Figures & data
Figure 1. Methylated DNA Immunoprecipitation (MeDIP) protocol. The black arrow indicates the introduction of exogenous controls described in this study.
Table 1. Primers sequences for Spike Positive and Negative Controls
Figure 2. Digestion patterns of positive and negative controls with the restriction enzymes AciI, MspI and HpaII on 2% Metaphor agarose gel. Lanes 1 and 5 = AciI digestions of positive and negative control, respectively; lane 2 and 6 = MspI digestions of positive and negative control; lanes 3 and 7 = HpaII digestions of positive and negative control; lanes 4 and 8 = undigested positive and negative control; lane 9 = 100 bp DNA Ladder. Image in the bottom row shows virtual gel with the corresponding digestions patterns.
Figure 3. Panel A and C: descriptive statistics and regression analysis for fold enrichments positive control/negative control pre-WGA and post-WGA. Box plots in Panel A show the percentiles and the median of column data. Box outlines define the 25th and 75th percentiles, with a line at the median and whiskers indicate the 10th and 90th percentiles. Panel C shows linear regression for pairs of pre-WGA and post-WGA enrichments. n = 33. Panel B: WGA amplification bias. Black bars represent the amplification rate post-WGA/pre-WGA of different length Lambda DNA fragments spiked in mouse genomic DNA. Error bars show SEM, n = 3.
Figure 4. Gene specific enrichments after MeDIP followed by WGA in MRC5 fibroblast DNA and in various mouse tissues. (A) Enrichment of the MRC5 internal genes H19 (black bar) and HIST1H2BA (gray bar), both normalized to GAPDH. (B) positive/negative control Enrichment Post-WGA. Error bars show standard error of the means, n = 3 technical replicates. Gene specific enrichments for H19 (C) and Hist1h2ba (D) in mice tissues normalized to either Actb (black bars) or Gapdh (gray bars). Data are mean ± SD; n, 3 biological replicates; AL, ad libitum fed; DR, dietary restricted.
Figure 5. Panels A and B: normalization of endogenous gene enrichment by the negative control reduced experimental variability. A) Average fold enrichments for Hist1h2ba normalized with the endogenous region Actb (left column) or with the spiked negative control (right column) in old mice heart DNA. Data are mean ± SD, n = 3 biological replicates. Means are not significantly different (p = 0.41, Student’s t-test).
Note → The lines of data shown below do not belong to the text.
(* Let $G$ be a locally finite graph with graph metric $d$, $h$ an even positive integer and $R$ a positive integer. Let $S_1\subseteq V(G)$ be such that distinct elements of $S_1$ are at $d$-distance greater than $h$ and every vertex is at $d$-distance at most $h$ from $S_1$; let $\ell_1:S_1\to[0,1/2]$ be injective, let $\mathcal V_1(v)$ be the unique $s\in S_1$ minimizing $d(v,s)+\ell_1(s)$, and $V_{1,s}=\{v:\mathcal V_1(v)=s\}$. Let $\Gamma$ be the graph on vertex set $S_1$ in which distinct $s,s'$ are adjacent iff some edge of $G$ joins $V_{1,s}$ and $V_{1,s'}$, with graph metric $d_\Gamma$. Let $S_2\subseteq S_1$ be such that distinct elements of $S_2$ are at $d_\Gamma$-distance greater than $R$ and every element of $S_1$ is at $d_\Gamma$-distance at most $R$ from $S_2$; let $\ell_2:S_2\to[0,1/2]$ be injective, and for $s'\in S_1$ let $\mathcal V_2(s')$ be the unique $s\in S_2$ minimizing $d_\Gamma(s',s)+\ell_2(s)$. For $s\in S_2$ set $V_{2,s}=\{v\in V(G):\mathcal V_2(\mathcal V_1(v))=s\}$. Then for every $s\in S_2$, the induced subgraph $G[V_{2,s}]$ is connected and contains every vertex at $d$-distance at most $\lfloor R/2\rfloor-h$ from $s$. *)

theory Defs
  imports Complex_Main "HOL-Library.Extended_Real"
begin

text \<open>Graphs are given by a vertex set W and an edge relation E (restricted to W when used).\<close>

definition walk :: "'a set \<Rightarrow> ('a \<Rightarrow> 'a \<Rightarrow> bool) \<Rightarrow> 'a list \<Rightarrow> bool" where
  "walk W E xs \<longleftrightarrow> xs \<noteq> [] \<and> set xs \<subseteq> W \<and>
     (\<forall>i. Suc i < length xs \<longrightarrow> E (xs ! i) (xs ! Suc i))"

text \<open>Graph metric (infinite if no connecting walk).\<close>
definition gdist :: "'a set \<Rightarrow> ('a \<Rightarrow> 'a \<Rightarrow> bool) \<Rightarrow> 'a \<Rightarrow> 'a \<Rightarrow> enat" where
  "gdist W E u v = (INF xs \<in> {xs. walk W E xs \<and> hd xs = u \<and> last xs = v}. enat (length xs - 1))"

definition simple_graph :: "'a set \<Rightarrow> ('a \<Rightarrow> 'a \<Rightarrow> bool) \<Rightarrow> bool" where
  "simple_graph W E \<longleftrightarrow> (\<forall>u v. E u v \<longrightarrow> u \<in> W \<and> v \<in> W \<and> u \<noteq> v \<and> E v u)"

definition locally_finite :: "'a set \<Rightarrow> ('a \<Rightarrow> 'a \<Rightarrow> bool) \<Rightarrow> bool" where
  "locally_finite W E \<longleftrightarrow> (\<forall>v\<in>W. finite {u. E v u})"

definition induced_connected :: "('a \<Rightarrow> 'a \<Rightarrow> bool) \<Rightarrow> 'a set \<Rightarrow> bool" where
  "induced_connected E U \<longleftrightarrow> U \<noteq> {} \<and>
     (\<forall>u\<in>U. \<forall>v\<in>U. \<exists>xs. walk U E xs \<and> hd xs = u \<and> last xs = v)"

definition vcenter :: "'a set \<Rightarrow> ('a \<Rightarrow> 'a \<Rightarrow> bool) \<Rightarrow> 'a set \<Rightarrow> ('a \<Rightarrow> real) \<Rightarrow> 'a \<Rightarrow> 'a" where
  "vcenter W E S l v = (THE s. s \<in> S \<and>
     (\<forall>t\<in>S. ereal_of_enat (gdist W E v s) + ereal (l s) \<le> ereal_of_enat (gdist W E v t) + ereal (l t)))"

definition cell_graph :: "'a set \<Rightarrow> ('a \<Rightarrow> 'a \<Rightarrow> bool) \<Rightarrow> ('a \<Rightarrow> 'a) \<Rightarrow> 'a set \<Rightarrow> 'a \<Rightarrow> 'a \<Rightarrow> bool" where
  "cell_graph W E f S s s' \<longleftrightarrow> s \<in> S \<and> s' \<in> S \<and> s \<noteq> s' \<and>
     (\<exists>u v. u \<in> W \<and> v \<in> W \<and> E u v \<and> f u = s \<and> f v = s')"

end

theory Submission
  imports Defs
begin

text \<open>
  Cells of a weighted Voronoi partition are star-shaped: every vertex on a geodesic from \<open>v\<close> to
  its centre \<open>s\<close> is strictly closer to \<open>s\<close> and no closer to any other site, and since distances
  are integers, weights in \<open>[0, 1/2]\<close> only break ties between equidistant sites. So the
  first-level cells are connected, and a walk in the cell graph \<open>\<Gamma>\<close> inside a second-level
  cell lifts, cell by cell, to a walk in \<open>G\<close>; hence the second-level cells are connected.

  For the ball, \<open>v \<mapsto> V\<^sub>1(v)\<close> does not increase distances and fixes the sites, so
  \<open>d(v, s) = k\<close> with \<open>2k \<le> R\<close> gives \<open>d\<^sub>\<Gamma>(V\<^sub>1(v), s) \<le> k\<close>, while by separation every other site
  of \<open>S\<^sub>2\<close> is at \<open>d\<^sub>\<Gamma>\<close>-distance \<open>> R - k \<ge> k\<close>.
\<close>

lemma walk_Cons:
  "walk W E (x # xs) \<longleftrightarrow> x \<in> W \<and> (xs = [] \<or> walk W E xs \<and> E x (hd xs))"
proof (cases xs)
  case (Cons y ys)
  have "(\<forall>i. Suc i < length (x # xs) \<longrightarrow> E ((x # xs) ! i) ((x # xs) ! Suc i)) \<longleftrightarrow>
        E x y \<and> (\<forall>i. Suc i < length xs \<longrightarrow> E (xs ! i) (xs ! Suc i))"
    using Cons by (auto simp: less_Suc_eq_0_disj)
  then show ?thesis using Cons by (auto simp: walk_def)
qed (simp add: walk_def)

lemma walk_Nil [simp]: "\<not> walk W E []"
  by (simp add: walk_def)

lemma walk_singleton [simp]: "walk W E [x] \<longleftrightarrow> x \<in> W"
  by (simp add: walk_Cons)

lemma walk_append:
  "walk W E xs \<Longrightarrow> walk W E ys \<Longrightarrow> E (last xs) (hd ys) \<Longrightarrow> walk W E (xs @ ys)"
proof (induction xs)
  case (Cons x xs)
  then show ?case by (cases "xs = []") (auto simp: walk_Cons)
qed simp

lemma walk_join:
  assumes "walk W E xs" "walk W E ys" "last xs = hd ys"
  shows "walk W E (xs @ tl ys)" "hd (xs @ tl ys) = hd xs" "last (xs @ tl ys) = last ys"
    and "length (xs @ tl ys) = length xs + length ys - 1"
proof -
  obtain y ys' where ys: "ys = y # ys'" using assms(2) by (cases ys) auto
  have "xs \<noteq> []" using assms(1) by auto
  then show "walk W E (xs @ tl ys)" "hd (xs @ tl ys) = hd xs" "last (xs @ tl ys) = last ys"
      "length (xs @ tl ys) = length xs + length ys - 1"
    using assms ys by (cases ys'; auto simp: walk_Cons intro: walk_append)+
qed

lemma walk_rev:
  assumes "symp E" and "walk W E xs"
  shows "walk W E (rev xs)"
  using assms(2)
proof (induction xs)
  case (Cons x xs)
  then show ?case
    by (cases "xs = []") (auto simp: walk_Cons last_rev sympD[OF assms(1)] intro!: walk_append)
qed simp

lemma walk_mono: "walk U E xs \<Longrightarrow> U \<subseteq> U' \<Longrightarrow> walk U' E xs"
  by (auto simp: walk_def)

lemma walk_take: "walk W E xs \<Longrightarrow> 0 < n \<Longrightarrow> walk W E (take n xs)"
  unfolding walk_def by (auto dest: in_set_takeD)

lemma walk_drop: "walk W E xs \<Longrightarrow> n < length xs \<Longrightarrow> walk W E (drop n xs)"
  unfolding walk_def by (auto dest: in_set_dropD)

definition reachable :: "'a set \<Rightarrow> ('a \<Rightarrow> 'a \<Rightarrow> bool) \<Rightarrow> 'a \<Rightarrow> 'a \<Rightarrow> bool" where
  "reachable W E u v \<longleftrightarrow> (\<exists>xs. walk W E xs \<and> hd xs = u \<and> last xs = v)"

lemma reachable_refl: "x \<in> W \<Longrightarrow> reachable W E x x"
  unfolding reachable_def by (intro exI[of _ "[x]"]) simp

lemma reachable_edge: "x \<in> W \<Longrightarrow> y \<in> W \<Longrightarrow> E x y \<Longrightarrow> reachable W E x y"
  unfolding reachable_def by (intro exI[of _ "[x, y]"]) (simp add: walk_Cons)

lemma reachable_trans: "reachable W E x y \<Longrightarrow> reachable W E y z \<Longrightarrow> reachable W E x z"
  unfolding reachable_def by (metis walk_join(1-3))

lemma reachable_sym:
  "symp E \<Longrightarrow> reachable W E x y \<Longrightarrow> reachable W E y x"
  unfolding reachable_def by (metis walk_rev hd_rev last_rev)

lemma reachable_mono: "reachable U E x y \<Longrightarrow> U \<subseteq> U' \<Longrightarrow> reachable U' E x y"
  unfolding reachable_def using walk_mono by metis

lemma gdist_le_walk:
  "walk W E xs \<Longrightarrow> hd xs = u \<Longrightarrow> last xs = v \<Longrightarrow> gdist W E u v \<le> enat (length xs - 1)"
  unfolding gdist_def by (rule INF_lower) auto

lemma gdist_enatE:
  assumes "gdist W E u v = enat k"
  obtains xs where "walk W E xs" "hd xs = u" "last xs = v" "length xs = Suc k"
proof -
  let ?L = "(\<lambda>xs. enat (length xs - 1)) ` {xs. walk W E xs \<and> hd xs = u \<and> last xs = v}"
  have "?L \<noteq> {}"
  proof
    assume "?L = {}"
    then have no_walk: "{xs. walk W E xs \<and> hd xs = u \<and> last xs = v} = {}" by blast
    have "gdist W E u v = \<infinity>" unfolding gdist_def no_walk by (simp add: top_enat_def)
    then show False using assms by simp
  qed
  then have "Inf ?L \<in> ?L"
    unfolding Inf_enat_def by (metis (no_types, lifting) LeastI_ex ex_in_conv)
  then obtain xs where "walk W E xs" "hd xs = u" "last xs = v" "length xs - 1 = k"
    using assms unfolding gdist_def by auto
  moreover from this have "xs \<noteq> []" by auto
  ultimately show ?thesis using that by auto
qed

lemma gdist_refl: "u \<in> W \<Longrightarrow> gdist W E u u = 0"
  using gdist_le_walk[of W E "[u]" u u] by (simp add: zero_enat_def[symmetric])

lemma gdist_eq_0_iff: "gdist W E u v = 0 \<longleftrightarrow> u \<in> W \<and> u = v"
proof
  assume "gdist W E u v = 0"
  then have "gdist W E u v = enat 0" by (simp add: zero_enat_def)
  then obtain xs where "walk W E xs" "hd xs = u" "last xs = v" "length xs = Suc 0"
    by (rule gdist_enatE)
  then show "u \<in> W \<and> u = v" by (cases xs) auto
qed (auto simp: gdist_refl)

lemma gdist_edge_le: "u \<in> W \<Longrightarrow> v \<in> W \<Longrightarrow> E u v \<Longrightarrow> gdist W E u v \<le> 1"
  using gdist_le_walk[of W E "[u, v]" u v] by (simp add: walk_Cons one_enat_def)

lemma gdist_triangle: "gdist W E u w \<le> gdist W E u v + gdist W E v w"
proof (cases "gdist W E u v"; cases "gdist W E v w")
  fix a b assume ab: "gdist W E u v = enat a" "gdist W E v w = enat b"
  obtain xs where xs: "walk W E xs" "hd xs = u" "last xs = v" "length xs = Suc a"
    using ab(1) by (rule gdist_enatE)
  obtain ys where ys: "walk W E ys" "hd ys = v" "last ys = w" "length ys = Suc b"
    using ab(2) by (rule gdist_enatE)
  have "gdist W E u w \<le> enat (length (xs @ tl ys) - 1)"
    using walk_join[OF xs(1) ys(1)] xs ys by (intro gdist_le_walk) auto
  also have "\<dots> = gdist W E u v + gdist W E v w"
    using walk_join(4)[OF xs(1) ys(1)] xs ys ab by simp
  finally show ?thesis .
qed auto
B) Black bars show Coefficients of Variation (CV) related to estimates in panel A. Panels C and D: normalization of endogenous gene enrichment by the negative control reduced the impact of tissue-specific methylation of the normalizer gene. Panel C shows the comparison between gene specific enrichments for Hist1h2ba calculated with the endogenous normalizer Actb and with the negative control for young colon samples (white bars) and young heart samples (dashed bars). Panel D shows positive control/negative control enrichment post-WGA. Data are mean ± SD, n = 3 biological replicates. * p = 0.04, Student’s t-test. Panels E, F and G: validation of Panel C results by BM sequencing. Panel E shows direct BM sequencing of murine Hist1h2ba; data are mean ± SD, n = 3 biological replicates. Panel F and G show aggregate representation of methylation data obtained by Bisulfite Modified (BM) cloning and sequencing for one colon and one heart sample, respectively. The bars indicate the percentage of clones that showed unmethylated (blue) or methylated (yellow) cytosines at the CpG sites analyzed (adapted from BiQ Analyzer v2.00).
Figure 6. Methylation quantification by direct bisulfite modified DNA sequencing of human MRC5 H19, HIST1H2BA and GAPDH regions (see Table S3 for primers and BM DNA sequences). Panels A, C and E Y axes present data measured for 3 independent technical replicates. Panels B and D present average methylation ± SD across the CpG sites analyzed.
Figure 7. Methylation quantification by direct bisulfite modified DNA sequencing of H19, Hist1h2ba, Actb and Gapdh regions of murine Young (black bars) and Old (gray bars) colon samples (Panels A to D, see Table S3 for primers and BM DNA sequences). Error bars present SD calculated on each single CpGs measurements of 3 biological replicates. Panel E shows minimum (white bars) and maximum (dashed bars) percentage CV determined on all the investigated CpGs measurements.